Knight Rider, Forever Refusing to Die
Knight Rider ran from 1982 to 1986. Four seasons, 90 episodes, one talking car. It should have stayed buried in syndication, where most NBC adventure shows from that era ended up. Instead, it keeps coming back. Reboots in 1997, 2008, and 2017. A movie at Spyglass Media that has been “in development” for nearly a decade. KITT, as a character, is older than most of the people writing about this ticket.
That stubbornness is the actual story. Some IPs just refuse to die. It’s Gonna Be May, the 14-year-old NSYNC meme, still works every spring. Cat memes from Victorian cabinet cards are still in active rotation. Bigfoot is having a 2026 renaissance with no new evidence. Knight Rider is in the same category, generating headlines and traffic tickets and serious hearings about whether a stationary 1982 Pontiac can be held responsible for an algorithm’s choices in Manhattan.
The Cat’s Verdict
If you are reading this and you are in Brooklyn driving a black Trans Am with a fake KNIGHT plate: keep doing what you are doing. You are the only person in New York City making automated traffic enforcement look like the absurdist comedy it actually is. The cat respects the bit. The cat would also like to know if you accept hitchhikers.

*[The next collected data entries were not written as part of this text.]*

(* Fix $t>1$ and let $(g_{n,t})_{n\ge0}$ be defined by $g_{0,t}=1$, $g_{n,t}=n\,g_{n-1,t}^{\,t}$ $(n\ge1)$. Let $\sigma_t=\prod_{n=1}^\infty n^{1/t^n}$. For $x\in[0,\infty)$ define $f_t(x)=\prod_{m=1}^{\infty}(1+mx)^{1/t^m}\in[1,\infty)$. Then for each $N\ge2$ and $n\ge1$ there exists a positive number $\mu=\mu(N,n,t)$ such that $$g_{n,t}=\sigma_t^{\,t^n}n^{-1/(t-1)}\left[1+\sum_{k=1}^{N-1}\frac{1}{n^k k!}\frac{\partial^k f_t}{\partial x^k}(0)+\frac{1}{n^N N!}\frac{\partial^N f_t}{\partial x^N}(\mu)\right]^{-1}.$$ Moreover, for fixed $N\ge2$ and fixed $t>1$, $$\lim_{n\to\infty}\mu(N,n,t)=0,\qquad \lim_{n\to\infty}\frac{\partial^N f_t}{\partial x^N}(\mu(N,n,t))=\frac{\partial^N f_t}{\partial x^N}(0).$$
   Context: Derivatives of $f_t$ at $x=0$ are right-sided derivatives. *)

theory Defs
  imports "HOL-Analysis.Analysis"
begin

fun g_seq :: "real \<Rightarrow> nat \<Rightarrow> real" where
  "g_seq t 0 = 1"
| "g_seq t (Suc n) = real (Suc n) * (g_seq t n) powr t"

definition sigma_t :: "real \<Rightarrow> real" where
  "sigma_t t = (\<Prod>m. real (Suc m) powr (1 / t ^ Suc m))"

definition f_t :: "real \<Rightarrow> real \<Rightarrow> real" where
  "f_t t x = (\<Prod>m. (1 + real (Suc m) * x) powr (1 / t ^ Suc m))"

definition rderiv :: "(real \<Rightarrow> real) \<Rightarrow> real \<Rightarrow> real" where
  "rderiv h x = (THE D. (h has_real_derivative D) (at x within {0..}))"

definition nrderiv :: "nat \<Rightarrow> (real \<Rightarrow> real) \<Rightarrow> real \<Rightarrow> real" where
  "nrderiv k h = (rderiv ^^ k) h"

end

theory Submission
  imports Defs "HOL-Real_Asymp.Real_Asymp"
begin

text \<open>Taking logarithms, \<open>ln g\<^sub>n = t\<^sup>n \<Sum>\<^sub>m\<^sub><\<^sub>n ln (m+1) / t\<^sup>m\<^sup>+\<^sup>1\<close>, while \<open>ln \<sigma>\<^sub>t\<close> is the full
  series; so \<open>t\<^sup>n ln \<sigma>\<^sub>t - ln g\<^sub>n\<close> is the tail \<open>t\<^sup>n \<Sum>\<^sub>m\<^sub>\<ge>\<^sub>n ln (m+1) / t\<^sup>m\<^sup>+\<^sup>1\<close>. Writing
  \<open>m + 1 = n (1 + (m+1-n)/n)\<close> splits the tail into \<open>ln n / (t-1)\<close> and \<open>ln f\<^sub>t(1/n)\<close>, whence
  exactly \<open>g\<^sub>n = \<sigma>\<^sub>t\<^bsup>t\<^sup>n\<^esup> n\<^bsup>-1/(t-1)\<^esup> / f\<^sub>t(1/n)\<close>. The expansion is then Taylor's theorem with
  Lagrange remainder for \<open>f\<^sub>t\<close> on \<open>[0,1/n]\<close>, with \<open>f\<^sub>t(0) = 1\<close> and \<open>\<mu> \<in> (0,1/n)\<close>. It applies
  because \<open>ln f\<^sub>t\<close> is a series whose termwise derivatives of every order converge uniformly on
  \<open>[0,\<infinity>)\<close>, so \<open>f\<^sub>t\<close> has right derivatives of all orders there. Finally \<open>\<mu> \<rightarrow> 0\<close>, and
  continuity of the \<open>N\<close>-th derivative at \<open>0\<close> gives the second limit.\<close>

lemma at_within_nonneg_neq_bot: "0 \<le> (x::real) \<Longrightarrow> at x within {0..} \<noteq> bot"
proof (cases "x = 0")
  case False
  assume "0 \<le> x"
  with False have "at x within {0..} = at x"
    by (intro at_within_interior) simp
  then show ?thesis by (metis at_neq_bot)
qed (simp add: at_within_Ici_at_right)

lemma rderiv_eqI:
  assumes "0 \<le> x" "(h has_real_derivative D) (at x within {0..})"
  shows "rderiv h x = D"
  unfolding rderiv_def
  using assms has_field_derivative_unique[OF _ _ at_within_nonneg_neq_bot[OF assms(1)]]
  by (intro the_equality) auto

lemma has_real_derivative_nonneg_cong:
  assumes "\<forall>y\<ge>0. h y = h' y" "0 \<le> (x::real)"
  shows "(h has_real_derivative D) (at x within {0..}) \<longleftrightarrow>
    (h' has_real_derivative D) (at x within {0..})"
  by (rule has_field_derivative_cong_ev) (use assms in auto)

lemma rderiv_nonneg_cong:
  assumes "\<forall>y\<ge>0. h y = h' y" "0 \<le> (x::real)"
  shows "rderiv h x = rderiv h' x"
  unfolding rderiv_def using has_real_derivative_nonneg_cong[OF assms] by simp

lemma nrderiv_0 [simp]: "nrderiv 0 h = h"
  by (simp add: nrderiv_def)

If you work at the Volo Museum: monetize this. Sell t-shirts that say “I Got A NYC Speeding Ticket From An Illinois Museum.” Stick the framed citation next to KITT on the carpet. Charge tourists an extra dollar to see the only car in America that has been accused of a moving violation while parked.
And if you are the New York City Department of Transportation: check the photo next time. The algorithm cannot tell the difference between a museum exhibit and a working car, or between a real California plate and a 50 dollar prop bolted to a Pontiac. It sees KNIGHT on a black Trans Am and starts billing whoever shows up first on Google. That is not enforcement. That is a Magic 8-Ball with a printer attached. KITT, meanwhile, is silent on the matter. The talking car has nothing to say.